# La Spaziale & Niche Zero



## olieolieolieolie (Nov 21, 2020)

My current (fairly new) setup - a S1 mini and niche zero.


----------



## The Systemic Kid (Nov 23, 2012)

Tidy😀


----------



## Mikey finn (Jul 9, 2020)

Nice one, how you finding the s1


----------



## DavecUK (Aug 6, 2013)

Looks good, have not seen an S1 in a while and even longer since I last used one.


----------



## olieolieolieolie (Nov 21, 2020)

Mikey finn said:


> Nice one, how you finding the s1


 Definitely an upgrade from my classic, managing to pull some very decent shots with it! Only real niggle was that the previous owner had the brew pressure set too high and it wasn't the easiest to adjust the OPV...


----------



## Mikey finn (Jul 9, 2020)

Iv got a soft spot for the la spaz stuff its bullet proof kit. Used to pour 500+ coffees a day on a S5


----------



## wan (Oct 19, 2016)

high five! how many gram beans you use? [email protected]?


----------



## olieolieolieolie (Nov 21, 2020)

wan said:


> high five! how many gram beans you use? [email protected]?

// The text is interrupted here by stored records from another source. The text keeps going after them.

lemma coproduct_A23_counit_zero:
  assumes S: "superbialg3 (D::'a::field_char_0 sbd)" and u: "un D 0 = 1" "un D 1 = 0"
    and H: "has_product D mul23" and e: "cu D 1 = 0"
  shows "co D 1 1 1 = -1" "co D 1 2 2 = 0" "co D 2 1 2 = 0 \<or> co D 2 1 2 = -1"
    "co D 2 2 1 = 0 \<or> co D 2 2 1 = -1"
proof -
  define c11 where "c11 = co D 1 1 1"
  define c22 where "c22 = co D 1 2 2"
  define d12 where "d12 = co D 2 1 2"
  define d21 where "d21 = co D 2 2 1"
  note c = counit_relations_x_zero[OF S u e]
  note V = unit_e0_entries[OF S u] parity_zero_entries[OF S] has_productD[OF H] mul23_def bv_def
    e c c11_def[symmetric] c22_def[symmetric] d12_def[symmetric] d21_def[symmetric]
  have "c11 = 2 + 4 * c11 + c11 * c11"
    by (rule co_mult_coeff[OF S, of 1 1 1 1]) (simp_all add: sum_3 ksign_def V)
  then have "(c11 + 1) * (c11 + 2) = 0" by algebra
  then have c11_cases: "c11 = -1 \<or> c11 = -2" by (rule product_zero_cases)
  have c22_eq: "c22 = 2 * c11 * c22 + 4 * c22"
    by (rule co_mult_coeff[OF S, of 1 1 2 2]) (simp_all add: sum_3 ksign_def V)
  have "d12 = 1 + c11 + c11 * d12 + 2 * d12"
    by (rule co_mult_coeff[OF S, of 1 2 1 2]) (simp_all add: sum_3 ksign_def V)
  then have d12_c11: "(1 + c11) * (1 + d12) = 0" by algebra
  have c11_d12: "c11 * d12 = d12 * d12"
    by (rule co_assoc_coeff[OF S, of 2 1 1 2]) (simp_all add: sum_3 V)
  have d21_c11: "d21 * d21 = c11 * d21"
    by (rule co_assoc_coeff[OF S, of 2 2 1 1]) (simp_all add: sum_3 V)
  have c11: "c11 = -1"
  proof (rule ccontr)
    assume "c11 \<noteq> -1"
    then have "c11 = -2" "d12 = -1" using c11_cases d12_c11 by (auto simp: add_eq_0_iff)
    then show False using c11_d12 by simp
  qed
  have c22: "c22 = 0" using c22_eq c11 by algebra
  have "d12 * (d12 + 1) = 0" "d21 * (d21 + 1) = 0" using c11_d12 d21_c11 c11 by algebra+
  then show "co D 1 1 1 = -1" "co D 1 2 2 = 0" "co D 2 1 2 = 0 \<or> co D 2 1 2 = -1"
    "co D 2 2 1 = 0 \<or> co D 2 2 1 = -1"
    using c11 c22 unfolding c11_def c22_def d12_def d21_def by (simp_all add: eq_neg_iff_add_eq_0)
qed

 Currently running a bit under 16g with an IMS basket - the dispersion plate is fairly thick so struggling to use any more than this


----------



## Christiansson (Dec 13, 2020)

I have the same setup currently, loving the Niche and the Vivaldi is solid, having had it for some 8 good years.

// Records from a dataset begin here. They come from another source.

(* Let $t\in[0,1]$, $\ell\in\{1,\dots,L\}$, and $\mathbf x_t\in\mathsf X$ with $p_t(\mathbf x_t)>0$. Then for every $\mathbf y\in\mathsf X$ with $\mathbf y^{-\ell}=\mathbf x_t^{-\ell}$, $$\frac{p_t(\mathbf y)}{p_t(\mathbf x_t)}=\frac{q^\ell_{t|0}\big(\mathbf y^\ell\mid\hat{\mathbf x}^{\mathrm{loo}}_0(\mathbf x_t,t)^\ell\big)}{q^\ell_{t|0}\big(\mathbf x_t^\ell\mid\hat{\mathbf x}^{\mathrm{loo}}_0(\mathbf x_t,t)^\ell\big)}.$$
   Context: **Setup.** - Let $K\ge2$, $L\ge1$ and $\mathsf V=\{1,\dots,K\}$. Tokens are identified with the standard basis vectors of $\mathbb R^K$. - $\Delta_K$ is the probability simplex. - $\mathsf X=\mathsf V^L$. For $\mathbf x\in\mathsf X$, $\mathbf x^\ell$ is its $\ell$-th token and $\mathbf x^{-\ell}$ denotes the other tokens. - $p_0$ is a distribution on $\mathsf X$. - The noise schedule $\alpha:[0,1]\to[0,1]$ is nonincreasing with $\alpha_0=1$. - For each $\ell$ fix $\pi^\ell\in\Delta_K$. The forward token kernel is $q^\ell_{t|0}(x\mid\nu)=\langle x,\alpha_t\nu+(1-\alpha_t)\pi^\ell\rangle$, defined for $\nu\in\Delta_K$ (in particular for one-hot $\nu$). - The sequence-level kernel is the product over positions. - $X_0\sim p_0$ and $X_t\mid X_0\sim q_{t|0}(\cdot\mid X_0)$. $p_t$ is the law of $X_t$. **Leave-one-out mean.** - $\hat{\mathbf x}^{\mathrm{loo}}_0(\mathbf x_t,t)^\ell:=\mathbb E[X_0^\ell\mid X_t^{-\ell}=\mathbf x_t^{-\ell}]\in\Delta_K$. *)

theory Defs
  imports Complex_Main "HOL-Library.FuncSet"
begin

text \<open>Tokens are 1..K; a token x is identified with the basis vector e_x, so
  the pairing of x with nu is nu x. Sequences are extensional functions on
  positions 1..L with values in 1..K.\<close>

definition seqs :: "nat \<Rightarrow> nat \<Rightarrow> (nat \<Rightarrow> nat) set" where
  "seqs K L = PiE {1..L} (\<lambda>_. {1..K})"

definition onehot :: "nat \<Rightarrow> nat \<Rightarrow> real" where
  "onehot k = (\<lambda>j. if j = k then 1 else 0)"

definition q_tok :: "(real \<Rightarrow> real) \<Rightarrow> (nat \<Rightarrow> nat \<Rightarrow> real) \<Rightarrow> real \<Rightarrow> nat \<Rightarrow> nat \<Rightarrow> (nat \<Rightarrow> real) \<Rightarrow> real" where
  "q_tok \<alpha> \<pi> t l x \<nu> = \<alpha> t * \<nu> x + (1 - \<alpha> t) * \<pi> l x"

definition q_seq :: "nat \<Rightarrow> (real \<Rightarrow> real) \<Rightarrow> (nat \<Rightarrow> nat \<Rightarrow> real) \<Rightarrow> real \<Rightarrow> (nat \<Rightarrow> nat) \<Rightarrow> (nat \<Rightarrow> nat) \<Rightarrow> real" where
  "q_seq L \<alpha> \<pi> t x0 x = (\<Prod>l\<in>{1..L}. q_tok \<alpha> \<pi> t l (x l) (onehot (x0 l)))"

definition p_t :: "nat \<Rightarrow> nat \<Rightarrow> ((nat \<Rightarrow> nat) \<Rightarrow> real) \<Rightarrow> (real \<Rightarrow> real) \<Rightarrow> (nat \<Rightarrow> nat \<Rightarrow> real) \<Rightarrow> real \<Rightarrow> (nat \<Rightarrow> nat) \<Rightarrow> real" where
  "p_t K L p0 \<alpha> \<pi> t x = (\<Sum>x0\<in>seqs K L. p0 x0 * q_seq L \<alpha> \<pi> t x0 x)"

text \<open>Leave-one-out mean: E[X_0^l | X_t^{-l} = x^{-l}], computed from the joint law
  P(X_0 = x0, X_t = y) = p0 x0 * q_seq x0 y, as a vector indexed by tokens.\<close>
definition loo :: "nat \<Rightarrow> nat \<Rightarrow> ((nat \<Rightarrow> nat) \<Rightarrow> real) \<Rightarrow> (real \<Rightarrow> real) \<Rightarrow> (nat \<Rightarrow> nat \<Rightarrow> real) \<Rightarrow> real \<Rightarrow> (nat \<Rightarrow> nat) \<Rightarrow> nat \<Rightarrow> nat \<Rightarrow> real" where
  "loo K L p0 \<alpha> \<pi> t x l =
     (\<lambda>k. (\<Sum>x0\<in>seqs K L. \<Sum>y\<in>{y\<in>seqs K L. \<forall>j\<in>{1..L}-{l}. y j = x j}.
              p0 x0 * q_seq L \<alpha> \<pi> t x0 y * onehot (x0 l) k)
          / (\<Sum>x0\<in>seqs K L. \<Sum>y\<in>{y\<in>seqs K L. \<forall>j\<in>{1..L}-{l}. y j = x j}.
              p0 x0 * q_seq L \<alpha> \<pi> t x0 y))"

end

theory Submission
  imports Defs
begin

text \<open>For every y that agrees with x off position l, the forward kernel
  factors as q(y | x0) = q^l(y^l | e_{x0^l}) R(x0), where R(x0) collects the factors of the
  positions j \<noteq> l and depends only on x^{-l}. Hence p_t(y) is a mixture of the kernels
  q^l(y^l | e_{x0^l}) with weights p0(x0) R(x0). Since q^l(y^l | \<nu>) is affine in \<nu>, this
  mixture equals W q^l(y^l | \<nu>*) with W the total weight and \<nu>* the weighted mean of the
  e_{x0^l}. Summing q(y | x0) over y^l gives R(x0), so \<nu>* is exactly the leave-one-out mean,
  and W cancels in the ratio (W > 0 because p_t(x) > 0).\<close>

lemma finite_seqs: "finite (seqs K L)"
  unfolding seqs_def by (intro finite_PiE) auto

definition q_seq_except ::
    "nat \<Rightarrow> (real \<Rightarrow> real) \<Rightarrow> (nat \<Rightarrow> nat \<Rightarrow> real) \<Rightarrow> real \<Rightarrow> nat \<Rightarrow> (nat \<Rightarrow> nat) \<Rightarrow> (nat \<Rightarrow> nat) \<Rightarrow> real"
  where "q_seq_except L \<alpha> \<pi> t l x0 x = (\<Prod>j\<in>{1..L}-{l}. q_tok \<alpha> \<pi> t j (x j) (onehot (x0 j)))"

lemma q_seq_split:
  assumes "l \<in> {1..L}" and "\<forall>j\<in>{1..L}-{l}. z j = x j"
  shows "q_seq L \<alpha> \<pi> t x0 z = q_tok \<alpha> \<pi> t l (z l) (onehot (x0 l)) * q_seq_except L \<alpha> \<pi> t l x0 x"
proof -
  have "q_seq L \<alpha> \<pi> t x0 z
      = q_tok \<alpha> \<pi> t l (z l) (onehot (x0 l)) * (\<Prod>j\<in>{1..L}-{l}. q_tok \<alpha> \<pi> t j (z j) (onehot (x0 j)))"
    unfolding q_seq_def using assms(1) by (simp add: prod.remove)
  also have "(\<Prod>j\<in>{1..L}-{l}. q_tok \<alpha> \<pi> t j (z j) (onehot (x0 j))) = q_seq_except L \<alpha> \<pi> t l x0 x"
    unfolding q_seq_except_def using assms(2) by (intro prod.cong) auto
  finally show ?thesis .
qed

lemma q_tok_onehot_nonneg:
  assumes "0 \<le> \<alpha> t" and "\<alpha> t \<le> 1" and "0 \<le> \<pi> l k"
  shows "0 \<le> q_tok \<alpha> \<pi> t l k (onehot c)"
  using assms unfolding q_tok_def onehot_def by simp

lemma q_seq_except_nonneg:
  assumes "0 \<le> \<alpha> t" and "\<alpha> t \<le> 1" and "\<forall>j\<in>{1..L}-{l}. 0 \<le> \<pi> j (x j)"
  shows "0 \<le> q_seq_except L \<alpha> \<pi> t l x0 x"
  unfolding q_seq_except_def using assms by (intro prod_nonneg q_tok_onehot_nonneg) auto

lemma sum_q_tok_onehot:
  assumes "c \<in> {1..K}" and "(\<Sum>k\<in>{1..K}. \<pi> l k) = 1"
  shows "(\<Sum>k\<in>{1..K}. q_tok \<alpha> \<pi> t l k (onehot c)) = 1"
proof -
  have "(\<Sum>k\<in>{1..K}. onehot c k) = 1"
    unfolding onehot_def using assms(1) by simp
  with assms(2) show ?thesis
    unfolding q_tok_def by (simp add: sum.distrib sum_distrib_left[symmetric])
qed

lemma q_tok_mixture:
  assumes "(\<Sum>i\<in>I. w i) \<noteq> 0"
  shows "(\<Sum>i\<in>I. w i * q_tok \<alpha> \<pi> t l k (\<nu> i))
       = (\<Sum>i\<in>I. w i) * q_tok \<alpha> \<pi> t l k (\<lambda>j. (\<Sum>i\<in>I. w i * \<nu> i j) / (\<Sum>i\<in>I. w i))"
proof -
  have "(\<Sum>i\<in>I. w i * q_tok \<alpha> \<pi> t l k (\<nu> i))
      = \<alpha> t * (\<Sum>i\<in>I. w i * \<nu> i k) + (1 - \<alpha> t) * \<pi> l k * (\<Sum>i\<in>I. w i)"
    unfolding q_tok_def by (simp add: distrib_left sum.distrib sum_distrib_left sum_distrib_right ac_simps)
  also have "\<dots> = (\<Sum>i\<in>I. w i) * q_tok \<alpha> \<pi> t l k (\<lambda>j. (\<Sum>i\<in>I. w i * \<nu> i j) / (\<Sum>i\<in>I. w i))"
    using assms unfolding q_tok_def by (simp add: field_simps)
  finally show ?thesis .
qed

abbreviation seqs_agreeing :: "nat \<Rightarrow> nat \<Rightarrow> nat \<Rightarrow> (nat \<Rightarrow> nat) \<Rightarrow> (nat \<Rightarrow> nat) set" where
  "seqs_agreeing K L l x \<equiv> {y\<in>seqs K L. \<forall>j\<in>{1..L}-{l}. y j = x j}"

lemma seqs_agreeing_eq_image:
  assumes "x \<in> seqs K L" and "l \<in> {1..L}"
  shows "seqs_agreeing K L l x = (\<lambda>k. x(l := k)) ` {1..K}"
proof (intro equalityI subsetI)
  fix y assume y: "y \<in> seqs_agreeing K L l x"
  have "y = x(l := y l)"
  proof
    fix j show "y j = (x(l := y l)) j"
      using y assms unfolding seqs_def
      by (cases "j = l"; cases "j \<in> {1..L}") (auto simp: PiE_def extensional_def)
  qed
  moreover have "y l \<in> {1..K}" using y assms(2) unfolding seqs_def by auto
  ultimately show "y \<in> (\<lambda>k. x(l := k)) ` {1..K}" by blast
next
  fix y assume "y \<in> (\<lambda>k. x(l := k)) ` {1..K}"
  then obtain k where k: "k \<in> {1..K}" and y: "y = x(l := k)" by blast
  have "x(l := k) \<in> PiE (insert l {1..L}) (\<lambda>_. {1..K})"
    using assms(1) k unfolding seqs_def by (intro PiE_fun_upd)
  with assms(2) have "y \<in> seqs K L"
    unfolding y seqs_def by (simp add: insert_absorb)
  then show "y \<in> seqs_agreeing K L l x" unfolding y by simp
qed

lemma sum_seqs_agreeing:
  assumes "x \<in> seqs K L" and "l \<in> {1..L}"
  shows "(\<Sum>y\<in>seqs_agreeing K L l x. f y) = (\<Sum>k\<in>{1..K}. f (x(l := k)))"
proof -
  have "inj_on (\<lambda>k. x(l := k)) {1..K}"
    by (rule inj_onI) (metis fun_upd_same)
  then show ?thesis
    unfolding seqs_agreeing_eq_image[OF assms] by (simp add: sum.reindex)
qed

lemma sum_q_seq_seqs_agreeing:
  assumes "x \<in> seqs K L" and "l \<in> {1..L}" and "x0 l \<in> {1..K}"
    and "(\<Sum>k\<in>{1..K}. \<pi> l k) = 1"
  shows "(\<Sum>y\<in>seqs_agreeing K L l x. q_seq L \<alpha> \<pi> t x0 y)
       = q_seq_except L \<alpha> \<pi> t l x0 x"
proof -
  have "q_seq L \<alpha> \<pi> t x0 (x(l := k)) = q_tok \<alpha> \<pi> t l k (onehot (x0 l)) * q_seq_except L \<alpha> \<pi> t l x0 x"
    for k using q_seq_split[OF assms(2), of "x(l := k)" x] by simp
  then have "(\<Sum>y\<in>seqs_agreeing K L l x. q_seq L \<alpha> \<pi> t x0 y)
      = (\<Sum>k\<in>{1..K}. q_tok \<alpha> \<pi> t l k (onehot (x0 l)) * q_seq_except L \<alpha> \<pi> t l x0 x)"
    unfolding sum_seqs_agreeing[OF assms(1,2)] by simp
  also have "\<dots> = q_seq_except L \<alpha> \<pi> t l x0 x"
    using sum_q_tok_onehot[where \<pi> = \<pi>, OF assms(3,4)] by (simp add: sum_distrib_right[symmetric])
  finally show ?thesis .
qed

text \<open>The marginal law P(X_t^{-l} = x^{-l}) of the positions other than l.\<close>
definition p_t_except ::
    "nat \<Rightarrow> nat \<Rightarrow> ((nat \<Rightarrow> nat) \<Rightarrow> real) \<Rightarrow> (real \<Rightarrow> real) \<Rightarrow> (nat \<Rightarrow> nat \<Rightarrow> real) \<Rightarrow> real \<Rightarrow> nat \<Rightarrow> (nat \<Rightarrow> nat) \<Rightarrow> real"
  where "p_t_except K L p0 \<alpha> \<pi> t l x = (\<Sum>x0\<in>seqs K L. p0 x0 * q_seq_except L \<alpha> \<pi> t l x0 x)"

lemma loo_eq_weighted_mean:
  assumes "x \<in> seqs K L" and "l \<in> {1..L}" and "(\<Sum>k\<in>{1..K}. \<pi> l k) = 1"
  shows "loo K L p0 \<alpha> \<pi> t x l
       = (\<lambda>k. (\<Sum>x0\<in>seqs K L. p0 x0 * q_seq_except L \<alpha> \<pi> t l x0 x * onehot (x0 l) k)
             / p_t_except K L p0 \<alpha> \<pi> t l x)"
proof -
  have "(\<Sum>y\<in>seqs_agreeing K L l x. q_seq L \<alpha> \<pi> t x0 y)
      = q_seq_except L \<alpha> \<pi> t l x0 x" if "x0 \<in> seqs K L" for x0
    by (rule sum_q_seq_seqs_agreeing[OF assms(1,2)]) (use that assms in \<open>auto simp: seqs_def\<close>)
  then have marginal: "(\<Sum>y\<in>seqs_agreeing K L l x. p0 x0 * q_seq L \<alpha> \<pi> t x0 y * c)
      = p0 x0 * q_seq_except L \<alpha> \<pi> t l x0 x * c" if "x0 \<in> seqs K L" for x0 c
    using that by (simp add: sum_distrib_left[symmetric] sum_distrib_right[symmetric])
  show ?thesis
    unfolding loo_def p_t_except_def using marginal[where c = 1] marginal by simp
qed

lemma p_t_eq_sum_q_seq_except:
  assumes "l \<in> {1..L}" and "\<forall>j\<in>{1..L}-{l}. z j = x j"
  shows "p_t K L p0 \<alpha> \<pi> t z
       = (\<Sum>x0\<in>seqs K L. p0 x0 * q_seq_except L \<alpha> \<pi> t l x0 x * q_tok \<alpha> \<pi> t l (z l) (onehot (x0 l)))"
  unfolding p_t_def q_seq_split[OF assms] by (simp add: ac_simps)

lemma p_t_eq_p_t_except_mult_q_tok_loo:
  assumes "x \<in> seqs K L" and "l \<in> {1..L}" and "(\<Sum>k\<in>{1..K}. \<pi> l k) = 1"
    and "\<forall>j\<in>{1..L}-{l}. z j = x j"
    and "p_t_except K L p0 \<alpha> \<pi> t l x \<noteq> 0"
  shows "p_t K L p0 \<alpha> \<pi> t z = p_t_except K L p0 \<alpha> \<pi> t l x * q_tok \<alpha> \<pi> t l (z l) (loo K L p0 \<alpha> \<pi> t x l)"
  unfolding p_t_eq_sum_q_seq_except[OF assms(2,4)] loo_eq_weighted_mean[where \<pi> = \<pi>, OF assms(1-3)]
  using assms(5) unfolding p_t_except_def by (rule q_tok_mixture)

lemma p_t_except_nonzero:
  assumes "l \<in> {1..L}" and "\<forall>z\<in>seqs K L. 0 \<le> p0 z"
    and "0 \<le> \<alpha> t" and "\<alpha> t \<le> 1" and "\<forall>j\<in>{1..L}-{l}. 0 \<le> \<pi> j (x j)"
    and "p_t K L p0 \<alpha> \<pi> t x \<noteq> 0"
  shows "p_t_except K L p0 \<alpha> \<pi> t l x \<noteq> 0"
proof
  assume "p_t_except K L p0 \<alpha> \<pi> t l x = 0"
  moreover have "\<forall>x0\<in>seqs K L. 0 \<le> p0 x0 * q_seq_except L \<alpha> \<pi> t l x0 x"
    using assms(2-5) q_seq_except_nonneg by (simp add: zero_le_mult_iff)
  ultimately have "\<forall>x0\<in>seqs K L. p0 x0 * q_seq_except L \<alpha> \<pi> t l x0 x = 0"
    unfolding p_t_except_def by (simp add: sum_nonneg_eq_0_iff[OF finite_seqs])
  then have "p_t K L p0 \<alpha> \<pi> t x = 0"
    using p_t_eq_sum_q_seq_except[OF assms(1), of x x] by (auto intro!: sum.neutral)
  with assms(6) show False by simp
qed

theorem mainTheorem3:
  fixes K L :: nat and p0 :: "(nat \<Rightarrow> nat) \<Rightarrow> real" and \<alpha> :: "real \<Rightarrow> real"
    and \<pi> :: "nat \<Rightarrow> nat \<Rightarrow> real" and t :: real and l :: nat and x y :: "nat \<Rightarrow> nat"
  assumes K2: "K \<ge> 2" and L1: "L \<ge> 1"
    and p0_nonneg: "\<forall>z\<in>seqs K L. p0 z \<ge> 0"
    and p0_sum: "(\<Sum>z\<in>seqs K L. p0 z) = 1"
    and \<alpha>_range: "\<forall>s\<in>{0..1}. 0 \<le> \<alpha> s \<and> \<alpha> s \<le> 1"
    and \<alpha>_mono: "\<forall>s\<in>{0..1}. \<forall>s'\<in>{0..1}. s \<le> s' \<longrightarrow> \<alpha> s' \<le> \<alpha> s"
    and \<alpha>0: "\<alpha> 0 = 1"
    and \<pi>_nonneg: "\<forall>j\<in>{1..L}. \<forall>k\<in>{1..K}. \<pi> j k \<ge> 0"
    and \<pi>_sum: "\<forall>j\<in>{1..L}. (\<Sum>k\<in>{1..K}. \<pi> j k) = 1"
    and t: "t \<in> {0..1}"
    and l: "l \<in> {1..L}"
    and x: "x \<in> seqs K L"
    and px: "p_t K L p0 \<alpha> \<pi> t x > 0"
    and y: "y \<in> seqs K L"
    and yx: "\<forall>j\<in>{1..L}-{l}. y j = x j"
  shows "p_t K L p0 \<alpha> \<pi> t y / p_t K L p0 \<alpha> \<pi> t x
       = q_tok \<alpha> \<pi> t l (y l) (loo K L p0 \<alpha> \<pi> t x l)
         / q_tok \<alpha> \<pi> t l (x l) (loo K L p0 \<alpha> \<pi> t x l)"
proof -
  have \<pi>_sum_l: "(\<Sum>k\<in>{1..K}. \<pi> l k) = 1" using \<pi>_sum l by blast
  have "\<forall>j\<in>{1..L}-{l}. 0 \<le> \<pi> j (x j)"
    using \<pi>_nonneg x unfolding seqs_def by auto
  then have W: "p_t_except K L p0 \<alpha> \<pi> t l x \<noteq> 0"
    using p_t_except_nonzero l p0_nonneg \<alpha>_range t px by auto
  have "p_t K L p0 \<alpha> \<pi> t y = p_t_except K L p0 \<alpha> \<pi> t l x * q_tok \<alpha> \<pi> t l (y l) (loo K L p0 \<alpha> \<pi> t x l)"
    and "p_t K L p0 \<alpha> \<pi> t x = p_t_except K L p0 \<alpha> \<pi> t l x * q_tok \<alpha> \<pi> t l (x l) (loo K L p0 \<alpha> \<pi> t x l)"
    using p_t_eq_p_t_except_mult_q_tok_loo[where \<pi> = \<pi>, OF x l \<pi>_sum_l _ W] yx by auto
  with W show ?thesis by simp
qed

end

Anyway just wanted to let you know that I bought an adapter for the Niche cup and the 53mm portafilter from Ingo at CoffeeNerds.de, It works great!


----------



## DavecUK (Aug 6, 2013)

That adaptor looks perfect....great find.


----------



## Christiansson (Dec 13, 2020)

DavecUK said:


> That adaptor looks perfect....great find.


 Yes it is, no more burned fingers holding the cup to the hot portafilter 😋.

He makes them by hand and can probably do any diameter on request, great guy.


----------



## JagXK (Oct 1, 2020)

For me it is much easier to grind directly to the PF with a dosing ring. However the wood support ring is too high. See the replacement plastic ring required to protect the wood plate









Sent from my SM-N960F using Tapatalk


----------



## cuprajake (Mar 30, 2020)

Decent sell a pf stand that screws onto the base of the niche.


----------



## JagXK (Oct 1, 2020)

Do you know if it will fit the 53mm PF?


----------